Найперший у світі «коректор» давні єгиптяни виправляли помилки білим пігментом
Long before people started fixing printing mistakes with white-out, absent-minded scribes in covered accidental errors with a special white pigment.
Cambridge researchers announced their discovery after they came across a clever correction in a copy of the Book of the Dead that was made for a high-ranking royal scribe named Ramose in 1278 BC.
On one of the spells meant to help Ramose in the afterlife, a god with a jackal head — probably Upuaut (or Wepwawet) — is depicted, and experts noticed thick white bands along the sides of his black body, the Daily Mail reported.
Helen Strudwick, senior Egyptologist at the Fitzwilliam Museum in Cambridge, says the artist applied those corrections after finishing the image — apparently to make the jackal look slimmer.
She added, “It looks as if someone saw the original version and said, ‘He’s too fat — make him thinner.'”
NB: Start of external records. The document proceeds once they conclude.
(* Let $F$ be a field with separable closure $F_s$ and absolute Galois group $\Gamma=\mathrm{Gal}(F_s/F)$. Let $W(D_4)\subset\mathrm{O}_4(\mathbb R)$ be the group of matrices $D\cdot P(\pi)$ with $D=\mathrm{diag}(\varepsilon_1,\dots,\varepsilon_4)$, $\varepsilon_i=\pm1$, $\prod\varepsilon_i=1$, $P(\pi)$ the permutation matrix of $\pi\in\mathfrak S_4$, and let $\tilde\mu$, $\tilde\rho$ be the trialitarian automorphisms given by conjugation by $$\mu=\tfrac12\begin{pmatrix}1&1&1&-1\\1&1&-1&1\\1&-1&1&1\\1&-1&-1&-1\end{pmatrix},\qquad \rho=\tfrac12\begin{pmatrix}-1&1&1&1\\-1&-1&1&-1\\-1&-1&-1&1\\-1&1&-1&-1\end{pmatrix}.$$ Let $\xi\in H^1(F,W(D_4))$ be a class fixed by $\tilde\mu_*$. Then there exists $\alpha\in\{\tilde\mu,\tilde\rho\}$ such that $\xi$ lies in the image of the map $H^1(F,\mathrm{Fix}(\alpha))\to H^1(F,W(D_4))$ induced by the inclusion $\mathrm{Fix}(\alpha)\subset W(D_4)$.
   Context: For a finite group $G$ (with trivial $\Gamma$-action), $H^1(F,G)$ is the set of continuous homomorphisms $\Gamma\to G$ modulo conjugation by elements of $G$. An automorphism $\alpha$ of $W(D_4)$ acts on $H^1(F,W(D_4))$ by $\alpha_*[\varphi]=[\alpha\circ\varphi]$; this action depends only on the class of $\alpha$ modulo inner automorphisms. $\mathrm{Fix}(\alpha)=\{x\in W(D_4)\mid\alpha(x)=x\}$. A trialitarian automorphism is a non-inner automorphism of order $3$. *)

theory Defs
  imports "HOL-Analysis.Analysis" "HOL-Algebra.Group"
begin

definition diag_mat :: "(4 \<Rightarrow> real) \<Rightarrow> real^4^4" where
  "diag_mat e = (\<chi> i j. if i = j then e i else 0)"

definition perm_mat :: "(4 \<Rightarrow> 4) \<Rightarrow> real^4^4" where
  "perm_mat p = (\<chi> i j. if i = p j then 1 else 0)"

definition WD4 :: "(real^4^4) set" where
  "WD4 = {diag_mat e ** perm_mat p | e p.
            (\<forall>i. e i = 1 \<or> e i = -1) \<and> (\<Prod>i\<in>UNIV. e i) = 1 \<and> p permutes UNIV}"

definition WD4_group :: "(real^4^4) monoid" where
  "WD4_group = \<lparr>carrier = WD4, monoid.mult = (\<lambda>A B. A ** B), one = mat 1\<rparr>"

text \<open>Rows are listed top to bottom; the index type 4 is enumerated 1,2,3,0 by vector.\<close>
definition mu_mat :: "real^4^4" where
  "mu_mat = (1/2) *\<^sub>R (vector [vector [1,1,1,-1], vector [1,1,-1,1],
                               vector [1,-1,1,1], vector [1,-1,-1,-1]] :: real^4^4)"

definition rho_mat :: "real^4^4" where
  "rho_mat = (1/2) *\<^sub>R (vector [vector [-1,1,1,1], vector [-1,-1,1,-1],
                                vector [-1,-1,-1,1], vector [-1,1,-1,-1]] :: real^4^4)"

definition conj_by :: "real^4^4 \<Rightarrow> real^4^4 \<Rightarrow> real^4^4" where
  "conj_by M x = M ** x ** matrix_inv M"

definition mu_aut :: "real^4^4 \<Rightarrow> real^4^4" where "mu_aut = conj_by mu_mat"
definition rho_aut :: "real^4^4 \<Rightarrow> real^4^4" where "rho_aut = conj_by rho_mat"

definition Fix :: "(real^4^4 \<Rightarrow> real^4^4) \<Rightarrow> (real^4^4) set" where
  "Fix a = {x \<in> WD4. a x = x}"

definition topological_group :: "('a, 'm) monoid_scheme \<Rightarrow> 'a topology \<Rightarrow> bool" where
  "topological_group G T \<longleftrightarrow> group G \<and> topspace T = carrier G \<and>
     continuous_map (prod_topology T T) T (\<lambda>(x, y). x \<otimes>\<^bsub>G\<^esub> y) \<and>
     continuous_map T T (\<lambda>x. inv\<^bsub>G\<^esub> x)"

definition cont_hom :: "('a, 'm) monoid_scheme \<Rightarrow> 'a topology \<Rightarrow> ('b, 'n) monoid_scheme \<Rightarrow> ('a \<Rightarrow> 'b) set" where
  "cont_hom G T K = {\<phi> \<in> hom G K. continuous_map T (discrete_topology (carrier K)) \<phi>}"

definition conj_equiv :: "('a, 'm) monoid_scheme \<Rightarrow> 'a topology \<Rightarrow> ('b, 'n) monoid_scheme \<Rightarrow> (('a \<Rightarrow> 'b) \<times> ('a \<Rightarrow> 'b)) set" where
  "conj_equiv G T K = {(\<phi>, \<psi>). \<phi> \<in> cont_hom G T K \<and> \<psi> \<in> cont_hom G T K \<and>
      (\<exists>g \<in> carrier K. \<forall>x \<in> carrier G. \<psi> x = g \<otimes>\<^bsub>K\<^esub> \<phi> x \<otimes>\<^bsub>K\<^esub> inv\<^bsub>K\<^esub> g)}"

definition H1 :: "('a, 'm) monoid_scheme \<Rightarrow> 'a topology \<Rightarrow> ('b, 'n) monoid_scheme \<Rightarrow> ('a \<Rightarrow> 'b) set set" where
  "H1 G T K = cont_hom G T K // conj_equiv G T K"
That produced an ancient Egyptian “corrector,” which the researcher also calls a “polite corrector” or “liquid paper.”
Using modern analytical methods, the team looked beneath the white pigment layer and confirmed that someone had deliberately applied it over the jackal’s black body and hind legs. In other words, the white patches were not original parts of the illustration; they covered up an artist’s mistake.
шар білого пігменту нанесений поверх чорного тіла шакала

What was that ancient white-out made from?

The researchers identified the exact composition of the “polite corrector.” It contained gantit (or guntit) — a mineral of white crystals — and calcite, a common mineral found in limestone and marble.
Helen Strudwick explained that calcite made the white paint thicker so the jackal’s black fur wouldn’t show through.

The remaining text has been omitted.